=== What the exercise asks ===
From the line containing "using assms(8,9) by" down to the final entry below, restate each line word for word.

Data section start

(* In the ALOHA network described below, the transmit probability $p_{\mathrm{opt}}\in(0,1)$ that minimizes the mean local delay $\widetilde{D}(p)$ satisfies $$p_{\mathrm{opt}}\in\left(\frac{1}{\lambda c_d r_0^d\theta^{\delta}C(\delta)+2},\ \frac{1}{\lambda c_d r_0^d\theta^{\delta}C(\delta)}\right).$$
   Context: Model: transmitters form a homogeneous Poisson point process $\Phi$ of intensity $\lambda>0$ in $\mathbb{R}^d$; the typical receiver is at the origin and its desired transmitter $x_0\in\Phi$ is at distance $r_0>0$; probabilities are under the Palm distribution at $x_0$. Time is slotted. Path loss $\kappa r^{-\alpha}$ with $\alpha>d$, $\delta=d/\alpha\in(0,1)$. Power fading coefficients $h_{k,x}$ are i.i.d. exponential with mean $1$ over transmitters and slots, independent of everything. Unit power, always backlogged transmitters. Bandwidth $W$, noise power spectral density $N_r$, $N_0=N_r/\kappa$, SINR threshold $\theta>0$. $c_d$ is the volume of the unit ball in $\mathbb{R}^d$, $C(\delta)=\Gamma(1+\delta)\Gamma(1-\delta)=\frac{\pi\delta}{\sin(\pi\delta)}$. ALOHA with transmit probability $p$: each transmitter (including $x_0$) is independently active in each slot with probability $p$, independently over transmitters and slots; $\Phi_k$ is the active set in slot $k$; $\mathrm{SINR}_k=\frac{h_{k,x_0}r_0^{-\alpha}}{WN_0+\sum_{x\in\Phi\setminus\{x_0\}}h_{k,x}|x|^{-\alpha}\mathbf{1}(x\in\Phi_k)}$; a slot is successful if $x_0$ is active and $\mathrm{SINR}_k>\theta$; the local delay is the number of slots until the first success and $\widetilde{D}(p)$ is its mean. (It equals $\widetilde{D}(p)=\frac1p\exp\left(\frac{p\lambda c_d r_0^d\theta^\delta C(\delta)}{(1-p)^{1-\delta}}+\theta r_0^\alpha WN_0\right)$.) *)

theory Defs
  imports "HOL-Analysis.Analysis"
begin

definition C_delta :: "real \<Rightarrow> real" where
  "C_delta \<delta> = Gamma (1 + \<delta>) * Gamma (1 - \<delta>)"

text \<open>Mean local delay of ALOHA with transmit probability p, in the closed form
  stated in the model (d = dimension, alpha = path-loss exponent, delta = d/alpha,
  c_d = volume of the unit ball in R^d).\<close>
definition mean_local_delay ::
  "nat \<Rightarrow> real \<Rightarrow> real \<Rightarrow> real \<Rightarrow> real \<Rightarrow> real \<Rightarrow> real \<Rightarrow> real \<Rightarrow> real" where
  "mean_local_delay d \<alpha> lam r0 \<theta> W N0 p =
     (let \<delta> = real d / \<alpha> in
      (1 / p) * exp (p * lam * unit_ball_vol (real d) * r0 ^ d * \<theta> powr \<delta> * C_delta \<delta>
                       / (1 - p) powr (1 - \<delta>)
                     + \<theta> * r0 powr \<alpha> * W * N0))"

end

theory Submission
  imports Defs
begin

text \<open>
  Write the mean local delay as \<open>exp (A p / (1 - p) powr (1 - \<delta>) + B) / p\<close>.
  At an interior minimiser the derivative vanishes, which gives the stationarity equation
  \<open>A p (1 - \<delta> p) = (1 - p) powr (2 - \<delta>)\<close>. Since \<open>0 < 1 - p < 1\<close> and
  \<open>1 < 2 - \<delta> < 2\<close>, its right-hand side lies strictly between \<open>(1 - p)\<^sup>2\<close> and
  \<open>1 - p\<close>; comparing with the left-hand side yields \<open>A p < 1\<close> and \<open>(A + 2) p > 1\<close>.
\<close>

definition aloha_delay :: "real \<Rightarrow> real \<Rightarrow> real \<Rightarrow> real \<Rightarrow> real" where
  "aloha_delay A \<delta> B p = exp (A * p / (1 - p) powr (1 - \<delta>) + B) / p"

lemma aloha_delay_has_derivative:
  fixes A \<delta> B p :: real
  assumes "0 < p" "p < 1"
  shows "(aloha_delay A \<delta> B has_real_derivative
           aloha_delay A \<delta> B p / p * (A * p * (1 - \<delta> * p) / (1 - p) powr (2 - \<delta>) - 1)) (at p)"
proof -
  define s where "s = (1 - p) powr (1 - \<delta>)"
  have "s > 0" using assms by (simp add: s_def)
  have power_succ: "(1 - p) powr (2 - \<delta>) = (1 - p) * s"
    and power_pred: "(1 - p) powr (- \<delta>) = s / (1 - p)"
    using assms by (simp_all add: s_def powr_diff powr_minus_divide power2_eq_square)
  show ?thesis
    unfolding aloha_delay_def[abs_def]
    using assms \<open>s > 0\<close>
    by (auto intro!: derivative_eq_intros simp: power_succ power_pred s_def[symmetric])
      (simp add: field_simps)
qed

lemma aloha_delay_minimiser_stationary:
  fixes A \<delta> B p :: real
  assumes "0 < p" "p < 1"
    and min: "\<forall>y\<in>{0<..<1}. aloha_delay A \<delta> B p \<le> aloha_delay A \<delta> B y"
  shows "A * p * (1 - \<delta> * p) = (1 - p) powr (2 - \<delta>)"
proof -
  have local_min:
    "\<forall>y. \<bar>p - y\<bar> < min p (1 - p) \<longrightarrow> aloha_delay A \<delta> B p \<le> aloha_delay A \<delta> B y"
  proof (intro allI impI)
    fix y
    assume "\<bar>p - y\<bar> < min p (1 - p)"
    then have "y \<in> {0<..<1}"
      by auto
    then show "aloha_delay A \<delta> B p \<le> aloha_delay A \<delta> B y"
      using min by blast
  qed
  have "aloha_delay A \<delta> B p / p * (A * p * (1 - \<delta> * p) / (1 - p) powr (2 - \<delta>) - 1) = 0"
    using assms by (intro DERIV_local_min[OF aloha_delay_has_derivative _ local_min]) auto
  moreover have "aloha_delay A \<delta> B p / p > 0"
    using assms by (simp add: aloha_delay_def)
  ultimately have "A * p * (1 - \<delta> * p) / (1 - p) powr (2 - \<delta>) - 1 = 0"
    by (metis less_irrefl mult_eq_0_iff)
  moreover have "(1 - p) powr (2 - \<delta>) > 0"
    using assms by simp
  ultimately show ?thesis
    by (simp add: divide_eq_eq)
qed

lemma stationary_point_upper_bound:
  fixes A \<delta> p :: real
  assumes "\<delta> < 1" "0 < p" "p < 1"
    and stationary: "A * p * (1 - \<delta> * p) = (1 - p) powr (2 - \<delta>)"
  shows "A * p < 1"
proof -
  have "\<delta> * p \<le> p"
    using assms mult_right_mono[of \<delta> 1 p] by simp
  have "A * p * (1 - \<delta> * p) < 1 - p"
    using stationary powr_less_mono'[of "1 - p" 1 "2 - \<delta>"] assms by simp
  also have "\<dots> \<le> 1 * (1 - \<delta> * p)"
    using \<open>\<delta> * p \<le> p\<close> by simp
  finally have "A * p * (1 - \<delta> * p) < 1 * (1 - \<delta> * p)" .
  moreover have "0 < 1 - \<delta> * p"
    using \<open>\<delta> * p \<le> p\<close> assms by linarith
  ultimately show ?thesis
    using mult_less_cancel_right_pos by blast
qed

lemma stationary_point_lower_bound:
  fixes A \<delta> p :: real
  assumes "0 \<le> \<delta>" "\<delta> < 1" "0 < p" "p < 1"
    and stationary: "A * p * (1 - \<delta> * p) = (1 - p) powr (2 - \<delta>)"
  shows "(A + 2) * p > 1"
proof (rule ccontr)
  assume "\<not> (A + 2) * p > 1"
  then have "A * p \<le> 1 - 2 * p"
    by (simp add: algebra_simps)
  moreover have "0 < 1 - \<delta> * p"
    using assms by (smt (verit) mult_left_le_one_le)
  ultimately have "(1 - p) powr (2 - \<delta>) \<le> (1 - 2 * p) * (1 - \<delta> * p)"
    using stationary by (metis mult_right_mono less_le)
  \<comment> \<open>\<open>(1 - p)\<^sup>2 - (1 - 2 p)(1 - \<delta> p) = p ((1 - \<delta>) p + \<delta> (1 - p))\<close>\<close>
  also have "\<dots> < (1 - p) ^ 2"
  proof -
    have "0 < p * ((1 - \<delta>) * p + \<delta> * (1 - p))"
      using assms by (intro mult_pos_pos add_pos_nonneg) auto
    then show ?thesis
      by (simp add: algebra_simps power2_eq_square)
  qed
  also have "\<dots> \<le> (1 - p) powr (2 - \<delta>)"
    using powr_mono'[of "2 - \<delta>" 2 "1 - p"] assms by (simp add: powr_realpow)
  finally show False
    by simp
qed

theorem theorem6:
  fixes d :: nat and \<alpha> lam r0 \<theta> W N0 p_opt :: real
  assumes "d \<ge> 1" and "\<alpha> > real d" and "lam > 0" and "r0 > 0" and "\<theta> > 0"
    and "W > 0" and "N0 \<ge> 0"
    and "p_opt \<in> {0<..<1}"
    and "\<forall>p\<in>{0<..<1}. mean_local_delay d \<alpha> lam r0 \<theta> W N0 p_opt
                       \<le> mean_local_delay d \<alpha> lam r0 \<theta> W N0 p"
  shows "p_opt \<in> {1 / (lam * unit_ball_vol (real d) * r0 ^ d * \<theta> powr (real d / \<alpha>)
                        * C_delta (real d / \<alpha>) + 2)
                 <..< 1 / (lam * unit_ball_vol (real d) * r0 ^ d * \<theta> powr (real d / \<alpha>)
                        * C_delta (real d / \<alpha>))}"
proof -
  define \<delta> where "\<delta> = real d / \<alpha>"
  define A where "A = lam * unit_ball_vol (real d) * r0 ^ d * \<theta> powr \<delta> * C_delta \<delta>"
  define B where "B = \<theta> * r0 powr \<alpha> * W * N0"
  have "0 < \<delta>" "\<delta> < 1"
    using assms(1,2) by (simp_all add: \<delta>_def)
  then have "A > 0"
    using assms(3-5) by (simp add: A_def C_delta_def)
  have "mean_local_delay d \<alpha> lam r0 \<theta> W N0 p = aloha_delay A \<delta> B p" for p
    by (simp add: mean_local_delay_def Let_def aloha_delay_def A_def B_def \<delta>_def ac_simps)
  then have "A * p_opt * (1 - \<delta> * p_opt) = (1 - p_opt) powr (2 - \<delta>)"
    using assms(8,9) by (intro aloha_delay_minimiser_stationary) auto
  then have "A * p_opt < 1" "(A + 2) * p_opt > 1"
    using \<open>0 < \<delta>\<close> \<open>\<delta> < 1\<close> assms(8)
    by (auto intro: stationary_point_upper_bound stationary_point_lower_bound less_imp_le)
  then show ?thesis
    using \<open>A > 0\<close> by (simp add: field_simps A_def \<delta>_def)
qed

end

Data section end

=== Output of the task ===
    using assms(8,9) by (intro aloha_delay_minimiser_stationary) auto
  then have "A * p_opt < 1" "(A + 2) * p_opt > 1"
    using \<open>0 < \<delta>\<close> \<open>\<delta> < 1\<close> assms(8)
    by (auto intro: stationary_point_upper_bound stationary_point_lower_bound less_imp_le)
  then show ?thesis
    using \<open>A > 0\<close> by (simp add: field_simps A_def \<delta>_def)
qed

end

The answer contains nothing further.